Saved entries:
┄┄┄┄┄┄┄┄┄┄
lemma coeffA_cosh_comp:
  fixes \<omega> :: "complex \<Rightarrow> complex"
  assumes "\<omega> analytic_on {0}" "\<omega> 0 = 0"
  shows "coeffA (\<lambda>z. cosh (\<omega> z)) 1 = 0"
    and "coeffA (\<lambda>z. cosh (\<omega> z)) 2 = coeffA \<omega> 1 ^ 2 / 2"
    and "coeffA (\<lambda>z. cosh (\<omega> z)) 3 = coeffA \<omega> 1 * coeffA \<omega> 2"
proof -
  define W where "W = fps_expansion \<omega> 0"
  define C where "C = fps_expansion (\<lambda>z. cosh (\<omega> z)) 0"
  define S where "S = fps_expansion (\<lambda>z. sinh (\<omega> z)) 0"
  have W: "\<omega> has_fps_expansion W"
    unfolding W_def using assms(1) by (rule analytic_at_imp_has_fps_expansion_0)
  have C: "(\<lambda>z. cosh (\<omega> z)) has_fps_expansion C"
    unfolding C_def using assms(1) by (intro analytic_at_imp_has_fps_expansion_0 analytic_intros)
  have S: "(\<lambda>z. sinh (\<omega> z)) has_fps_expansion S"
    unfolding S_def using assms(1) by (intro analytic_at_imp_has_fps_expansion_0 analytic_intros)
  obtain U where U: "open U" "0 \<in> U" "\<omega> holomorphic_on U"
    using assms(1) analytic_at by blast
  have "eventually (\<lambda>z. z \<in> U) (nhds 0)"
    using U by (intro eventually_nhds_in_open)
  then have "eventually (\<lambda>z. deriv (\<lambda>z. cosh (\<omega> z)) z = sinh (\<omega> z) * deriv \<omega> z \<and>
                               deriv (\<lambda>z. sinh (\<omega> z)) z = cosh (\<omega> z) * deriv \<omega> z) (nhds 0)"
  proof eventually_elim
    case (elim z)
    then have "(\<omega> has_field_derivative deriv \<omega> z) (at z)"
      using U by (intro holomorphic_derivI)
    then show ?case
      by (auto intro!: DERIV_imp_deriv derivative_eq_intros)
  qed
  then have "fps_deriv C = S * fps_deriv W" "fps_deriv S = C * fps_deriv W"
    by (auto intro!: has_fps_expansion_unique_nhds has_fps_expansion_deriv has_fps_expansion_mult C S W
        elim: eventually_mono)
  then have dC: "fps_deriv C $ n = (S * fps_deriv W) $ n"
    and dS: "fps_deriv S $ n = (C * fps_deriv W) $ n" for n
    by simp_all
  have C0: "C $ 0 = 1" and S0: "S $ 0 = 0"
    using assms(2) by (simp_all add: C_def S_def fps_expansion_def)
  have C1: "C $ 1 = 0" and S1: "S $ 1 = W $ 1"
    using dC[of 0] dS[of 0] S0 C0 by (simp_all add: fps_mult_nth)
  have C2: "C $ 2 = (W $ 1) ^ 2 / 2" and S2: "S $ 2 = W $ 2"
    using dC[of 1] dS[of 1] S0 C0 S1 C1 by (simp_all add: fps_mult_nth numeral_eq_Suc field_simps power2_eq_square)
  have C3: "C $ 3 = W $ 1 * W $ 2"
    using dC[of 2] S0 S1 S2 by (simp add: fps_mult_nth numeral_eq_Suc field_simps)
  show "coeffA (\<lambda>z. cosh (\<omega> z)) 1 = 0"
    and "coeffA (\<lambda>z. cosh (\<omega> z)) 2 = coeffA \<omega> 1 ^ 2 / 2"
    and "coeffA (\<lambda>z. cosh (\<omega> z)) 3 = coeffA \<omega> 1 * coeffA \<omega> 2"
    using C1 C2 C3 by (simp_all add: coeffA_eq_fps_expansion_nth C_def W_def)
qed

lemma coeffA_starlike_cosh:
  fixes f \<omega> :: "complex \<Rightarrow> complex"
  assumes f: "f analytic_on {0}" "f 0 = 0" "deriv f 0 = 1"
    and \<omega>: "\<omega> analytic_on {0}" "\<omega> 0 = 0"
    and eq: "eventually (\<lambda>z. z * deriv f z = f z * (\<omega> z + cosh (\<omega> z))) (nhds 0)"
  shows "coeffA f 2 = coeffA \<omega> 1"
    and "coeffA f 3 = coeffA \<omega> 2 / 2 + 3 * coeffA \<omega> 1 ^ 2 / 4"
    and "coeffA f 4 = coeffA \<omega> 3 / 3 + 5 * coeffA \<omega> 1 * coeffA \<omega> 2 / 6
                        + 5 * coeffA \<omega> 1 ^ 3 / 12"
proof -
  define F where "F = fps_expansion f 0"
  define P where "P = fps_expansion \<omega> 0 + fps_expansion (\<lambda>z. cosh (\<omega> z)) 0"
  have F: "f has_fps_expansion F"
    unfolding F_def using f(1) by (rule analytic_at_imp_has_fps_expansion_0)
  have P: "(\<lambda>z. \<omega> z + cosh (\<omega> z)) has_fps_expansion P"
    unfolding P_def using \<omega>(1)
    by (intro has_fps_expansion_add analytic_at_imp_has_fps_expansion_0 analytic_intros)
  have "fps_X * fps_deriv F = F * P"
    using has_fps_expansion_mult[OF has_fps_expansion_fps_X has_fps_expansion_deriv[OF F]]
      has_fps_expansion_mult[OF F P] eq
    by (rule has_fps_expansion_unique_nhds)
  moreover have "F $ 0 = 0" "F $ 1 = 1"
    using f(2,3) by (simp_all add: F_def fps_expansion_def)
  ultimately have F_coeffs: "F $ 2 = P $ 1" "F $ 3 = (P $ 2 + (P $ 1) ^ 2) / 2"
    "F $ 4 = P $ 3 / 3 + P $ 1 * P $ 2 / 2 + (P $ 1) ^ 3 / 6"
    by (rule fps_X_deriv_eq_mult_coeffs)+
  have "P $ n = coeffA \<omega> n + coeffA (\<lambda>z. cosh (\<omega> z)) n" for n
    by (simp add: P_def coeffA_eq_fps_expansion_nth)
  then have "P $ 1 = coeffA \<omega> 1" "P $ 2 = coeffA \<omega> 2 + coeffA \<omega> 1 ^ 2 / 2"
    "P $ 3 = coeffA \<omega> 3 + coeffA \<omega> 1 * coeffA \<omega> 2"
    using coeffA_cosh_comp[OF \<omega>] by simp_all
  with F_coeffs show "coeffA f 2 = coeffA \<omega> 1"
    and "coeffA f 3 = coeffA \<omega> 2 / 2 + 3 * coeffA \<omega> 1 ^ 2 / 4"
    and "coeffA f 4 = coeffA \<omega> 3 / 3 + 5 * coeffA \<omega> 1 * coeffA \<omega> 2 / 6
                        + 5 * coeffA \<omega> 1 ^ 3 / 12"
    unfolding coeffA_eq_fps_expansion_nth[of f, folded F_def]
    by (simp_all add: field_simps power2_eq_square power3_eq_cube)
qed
┄┄┄┄┄┄┄┄┄┄
DIRECTIONS FOR THIS TASK:
For each line of the data that has the word "unfolding", report that line.

SOLUTION FOR THIS PROBLEM:
    unfolding W_def using assms(1) by (rule analytic_at_imp_has_fps_expansion_0)
    unfolding C_def using assms(1) by (intro analytic_at_imp_has_fps_expansion_0 analytic_intros)
    unfolding S_def using assms(1) by (intro analytic_at_imp_has_fps_expansion_0 analytic_intros)
    unfolding F_def using f(1) by (rule analytic_at_imp_has_fps_expansion_0)
    unfolding P_def using \<omega>(1)
    unfolding coeffA_eq_fps_expansion_nth[of f, folded F_def]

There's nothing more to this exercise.